Perguntamos se qualquer um poderia agendar determinado grupo de pessoas para assistirem um filme gratuito e Thiago nos respondeu que sim: Estamos abertos a qualquer grupo ou Instituição que realiza trabalho social em qualquer lugar ou área. É só entrarem em contato conosco. Não oferecemos burocracias para isto. Apenas um documento que comprove que exista o trabalho realizado, de fato.
O criador e Diretor Executivo do Projeto Ponto Cine, Adailtom Medeiros, define o conceito de modelo de negócio que ganha dinheiro dando seus serviços e produtos de graça porque grande parte dos ingressos o cliente não paga: escolas públicas e grupos beneficiados por outros projetos sociais. E os que pagam, ainda pagam pelos ingressos mais baratos da cidade, comentou Thiago.
Curiosos em saber porque havia uma pequena biblioteca na entrada do cinema, Thiago nos respondeu que era oriundo de um dos projetos oferecidos – quando o designer gráfico Guilherme Rocha fez questão de frisar que todos os livros eram retirados pelo público local e entregues dentro do prazo em bom estado. Acho importante citar isto, pois ainda há um certo preconceito com pessoas do subúrbio. Ainda existe uma visão de que o suburbano é descuidado, digamos assim. Aqui, eles tomam contam, preservam e respeitam todos os livros que eles locam. Devolvem no prazo certo e cuidam dos livros para que outros usufruam igualmente, se orgulha Guilherme.
Um trabalho de 11 anos que conseguiu atrair os olhares das páginas culturais da mídia. O bairro, assim como toda cidade do Rio de Janeiro independente de ser zona norte, sul ou oeste, vem enfrentando um problema seríssimo devido o alto índice de violência: a deserção popular. Por causa dos altos índices de assaltos e homicídios as pessoas evitam sair de suas casas e assim vai virando uma bola de neve. Se não tem muita gente na rua o comércio fica vazio. Se fica vazio fecha mais cedo ou nem abre mais. Se tem comércio fechado, diminui o fluxo e o número de transporte. Ou seja, uma coisa afeta outra. E com o Ponto Cine não haveria de ser diferente. Hoje, não recebemos nem a metade do público que recebíamos há uns três anos atrás. Nem pagante e não pagante, conta Thiago. É uma pena…. Mas, continuamos com todas as nossas atividades. Tivemos que adaptar nossos horários e dias de funcionamento. Muitos alunos vinham para cá a pé, pois tem muita escola aqui por perto.

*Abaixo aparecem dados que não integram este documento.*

lemma picard_rhs_mono:
  assumes "\<And>j. \<delta> \<le> x j \<and> x j \<le> y j"
  shows "picard_rhs \<beta> \<Lambda> x k \<le> picard_rhs \<beta> \<Lambda> y k"
proof -
  have side: "Gb \<beta> (x j) \<le> Gb \<beta> (y j)" for j
    using Gb_mono[OF \<beta>(1), of "x j" "y j"] assms[of j] \<delta> by auto
  have "2 * (Gb \<beta> (y k) - Gb \<beta> (x k)) \<le> 2 * (Gb_Lipschitz_const \<beta> \<delta> * (y k - x k))"
    using Gb_diff_le[OF \<beta> \<delta>(1), of "x k" "y k"] assms[of k] by auto
  also have "\<dots> \<le> \<Lambda> * (y k - x k)"
    using \<Lambda> assms[of k] by (simp add: mult.assoc[symmetric] mult_right_mono)
  finally show ?thesis
    unfolding picard_rhs_def dlap_def using side[of "k - 1"] side[of "k + 1"] by (simp add: algebra_simps)
qed

lemma picard_rhs_bounds:
  assumes "\<And>j. \<delta> \<le> x j \<and> x j \<le> 1"
  shows "\<Lambda> * \<delta> \<le> picard_rhs \<beta> \<Lambda> x k \<and> picard_rhs \<beta> \<Lambda> x k \<le> \<Lambda>"
proof -
  have const: "picard_rhs \<beta> \<Lambda> (\<lambda>_. c) k = \<Lambda> * c" for c
    unfolding picard_rhs_def dlap_def by simp
  show ?thesis
    using picard_rhs_mono[of "\<lambda>_. \<delta>" x k] picard_rhs_mono[of x "\<lambda>_. 1" k] assms \<delta>
    unfolding const by auto
qed

lemma picard_rhs_Lipschitz:
  assumes "\<And>j. \<delta> \<le> x j \<and> \<delta> \<le> y j \<and> \<bar>x j - y j\<bar> \<le> e"
  shows "\<bar>picard_rhs \<beta> \<Lambda> x k - picard_rhs \<beta> \<Lambda> y k\<bar> \<le> (4 * Gb_Lipschitz_const \<beta> \<delta> + \<Lambda>) * e"
proof -
  define K where "K = Gb_Lipschitz_const \<beta> \<delta>"
  have K0: "0 \<le> K" unfolding K_def by (rule Gb_Lipschitz_const_nonneg)
  have side: "\<bar>Gb \<beta> (x j) - Gb \<beta> (y j)\<bar> \<le> K * e" for j
  proof -
    have "\<bar>Gb \<beta> (x j) - Gb \<beta> (y j)\<bar> \<le> K * \<bar>x j - y j\<bar>"
      unfolding K_def using abs_Gb_diff_le[OF \<beta> \<delta>(1), of "y j" "x j"] assms[of j] by auto
    also have "\<dots> \<le> K * e" using assms[of j] K0 by (intro mult_left_mono) auto
    finally show ?thesis .
  qed
  have "\<bar>\<Lambda> * x k - \<Lambda> * y k\<bar> \<le> \<Lambda> * e"
    using assms[of k] \<Lambda> K0 unfolding K_def
    by (simp add: abs_mult right_diff_distrib[symmetric] mult_left_mono)
  then show ?thesis
    unfolding picard_rhs_def dlap_def K_def[symmetric]
    using side[of "k - 1"] side[of k] side[of "k + 1"] by (simp add: algebra_simps abs_le_iff)
qed

lemma continuous_on_picard_rhs:
  assumes "strip_path \<delta> Y"
  shows "continuous_on {0..} (\<lambda>s. picard_rhs \<beta> \<Lambda> (Y s) k)"
proof -
  have "0 < Y s j" if "s \<in> {0..}" for s j
  proof -
    have "\<delta> \<le> Y s j" using assms that unfolding strip_path_def by auto
    then show ?thesis using \<delta> by linarith
  qed
  then show ?thesis
    using assms unfolding picard_rhs_def dlap_def strip_path_def
    by (intro continuous_intros continuous_on_Gb_comp[OF \<beta>(1)]) auto
qed

lemma picard_step_has_real_derivative:
  assumes "strip_path \<delta> Y" "0 < t"
  shows "((\<lambda>s. picard_step \<beta> \<Lambda> w Y s k) has_real_derivative
           - \<Lambda> * picard_step \<beta> \<Lambda> w Y t k + picard_rhs \<beta> \<Lambda> (Y t) k) (at t)"
proof -
  let ?I = "\<lambda>t. integral {0..t} (\<lambda>s. exp (\<Lambda> * s) * picard_rhs \<beta> \<Lambda> (Y s) k)"
  have "(?I has_real_derivative exp (\<Lambda> * t) * picard_rhs \<beta> \<Lambda> (Y t) k) (at t)"
    using continuous_on_picard_rhs[OF assms(1)] assms(2)
    by (intro integral_0_has_real_derivative_at continuous_intros) auto
  then have "((\<lambda>s. exp (- \<Lambda> * s) * (w k + ?I s)) has_real_derivative
      (- \<Lambda>) * exp (- \<Lambda> * t) * (w k + ?I t) + exp (- \<Lambda> * t) * (exp (\<Lambda> * t) * picard_rhs \<beta> \<Lambda> (Y t) k)) (at t)"
    by (auto intro!: derivative_eq_intros)
  moreover have "(- \<Lambda>) * exp (- \<Lambda> * t) * (w k + ?I t) + exp (- \<Lambda> * t) * (exp (\<Lambda> * t) * picard_rhs \<beta> \<Lambda> (Y t) k)
      = - \<Lambda> * picard_step \<beta> \<Lambda> w Y t k + picard_rhs \<beta> \<Lambda> (Y t) k"
    unfolding picard_step_def by (simp add: exp_minus field_simps)
  ultimately show ?thesis unfolding picard_step_def by (rule DERIV_cong)
qed

lemma continuous_on_picard_step:
  assumes "strip_path \<delta> Y"
  shows "continuous_on {0..} (\<lambda>t. picard_step \<beta> \<Lambda> w Y t k)"
  unfolding picard_step_def
  using continuous_on_picard_rhs[OF assms]
  by (intro continuous_intros continuous_on_integral_0) auto

lemma strip_path_picard_step:
  assumes Y: "strip_path \<delta> Y" and w: "range w \<subseteq> {\<delta>..1}"
  shows "strip_path \<delta> (picard_step \<beta> \<Lambda> w Y)"
proof -
  let ?Z = "picard_step \<beta> \<Lambda> w Y"
  have rhs: "\<Lambda> * \<delta> \<le> picard_rhs \<beta> \<Lambda> (Y x) k \<and> picard_rhs \<beta> \<Lambda> (Y x) k \<le> \<Lambda>" if "0 \<le> x" for x k
    using Y that unfolding strip_path_def by (intro picard_rhs_bounds) auto
  have cont: "continuous_on {0..t} (\<lambda>t. ?Z t k)" for t k
    using continuous_on_picard_step[OF Y] by (rule continuous_on_subset) auto
  have "\<delta> \<le> ?Z t k \<and> ?Z t k \<le> 1" if t: "0 \<le> t" for t k
  proof
    show "(\<lambda>_. \<delta>) t \<le> ?Z t k"
    proof (rule le_of_DERIV_plus_linear_le[where \<Lambda> = \<Lambda>, OF t _ cont])
      fix x assume "0 < x" "x < t"
      then show "\<exists>df dg. ((\<lambda>_. \<delta>) has_real_derivative df) (at x) \<and>
          ((\<lambda>t. ?Z t k) has_real_derivative dg) (at x)
          \<and> df + \<Lambda> * \<delta> \<le> dg + \<Lambda> * ?Z x k"
        using picard_step_has_real_derivative[OF Y, of x] rhs[of x k]
        by (intro exI[of _ 0] exI[of _ "- \<Lambda> * ?Z x k + picard_rhs \<beta> \<Lambda> (Y x) k"]) auto
    qed (use w in \<open>auto simp: picard_step_0 image_subset_iff\<close>)
    show "?Z t k \<le> (\<lambda>_. 1) t"
    proof (rule le_of_DERIV_plus_linear_le[where \<Lambda> = \<Lambda>, OF t cont])
      fix x assume "0 < x" "x < t"
      then show "\<exists>df dg. ((\<lambda>t. ?Z t k) has_real_derivative df) (at x) \<and>
          ((\<lambda>_. 1) has_real_derivative dg) (at x)
          \<and> df + \<Lambda> * ?Z x k \<le> dg + \<Lambda> * 1"
        using picard_step_has_real_derivative[OF Y, of x] rhs[of x k]
        by (intro exI[of _ "- \<Lambda> * ?Z x k + picard_rhs \<beta> \<Lambda> (Y x) k"] exI[of _ 0]) auto
    qed (use w in \<open>auto simp: picard_step_0 image_subset_iff\<close>)
  qed
  then show ?thesis
    unfolding strip_path_def using continuous_on_picard_step[OF Y] by blast
qed

lemma picard_step_mono:
  assumes Y: "strip_path \<delta> Y" "strip_path \<delta> Y'" and le: "\<And>s k. 0 \<le> s \<Longrightarrow> Y s k \<le> Y' s k"
    and t: "0 \<le> t"
  shows "picard_step \<beta> \<Lambda> w Y t k \<le> picard_step \<beta> \<Lambda> w Y' t k"
proof (rule le_of_DERIV_plus_linear_le[where \<Lambda> = \<Lambda>, OF t])
  show "continuous_on {0..t} (\<lambda>t. picard_step \<beta> \<Lambda> w Y t k)"
    using continuous_on_picard_step[OF Y(1)] by (rule continuous_on_subset) auto
  show "continuous_on {0..t} (\<lambda>t. picard_step \<beta> \<Lambda> w Y' t k)"
    using continuous_on_picard_step[OF Y(2)] by (rule continuous_on_subset) auto
  fix x assume x: "0 < x" "x < t"
  have "picard_rhs \<beta> \<Lambda> (Y x) k \<le> picard_rhs \<beta> \<Lambda> (Y' x) k"
    using Y(1) le x unfolding strip_path_def by (intro picard_rhs_mono) auto
  then show "\<exists>df dg. ((\<lambda>t. picard_step \<beta> \<Lambda> w Y t k) has_real_derivative df) (at x) \<and>
      ((\<lambda>t. picard_step \<beta> \<Lambda> w Y' t k) has_real_derivative dg) (at x) \<and>
      df + \<Lambda> * picard_step \<beta> \<Lambda> w Y x k \<le> dg + \<Lambda> * picard_step \<beta> \<Lambda> w Y' x k"
    using picard_step_has_real_derivative[OF Y(1) x(1)] picard_step_has_real_derivative[OF Y(2) x(1)]
    by (intro exI conjI) auto
qed (simp add: picard_step_0)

Agora, isto não é mais possível uma vez que os professores não podem arriscar, pois infelizmente tiroteios acontecem com freqüência. E para não deixarmos estes alunos sem vivenciar e experimentar a atmosfera cinematográfica, nós estamos promovendo uma campanha de financiamento coletivo, até o dia 10/11, para arrecadarmos dinheiro e podermos locar ônibus e assim trazer os alunos para assistirem os filmes. O que pudermos fazer para continuar com o mesmo ritmo e propósito, nós iremos fazer, finaliza Thiago.
Um modelo de negócio que oferta acesso gratuito à cultura, forma opinião, proporciona inclusão e formação cultural e educacional, e que ainda é um exemplo não só como contribuinte do desenvolvimento sócio cultural como também do fomento ao cinema nacional.
Um ponto é tudo o que precisamos! Assim podemos definir o Ponto Cine.
Serviços:
O Ponto Cine fica localizado na Estr. do Gamboatá, 2.300, Shopping Guadalupe, Rio de Janeiro.
Funciona de terça a sábado , dás 10h ás 18h
Ingressos R$ 8,00 inteira e R$ 4,00 meia entrada, todos os dias de funcionamento.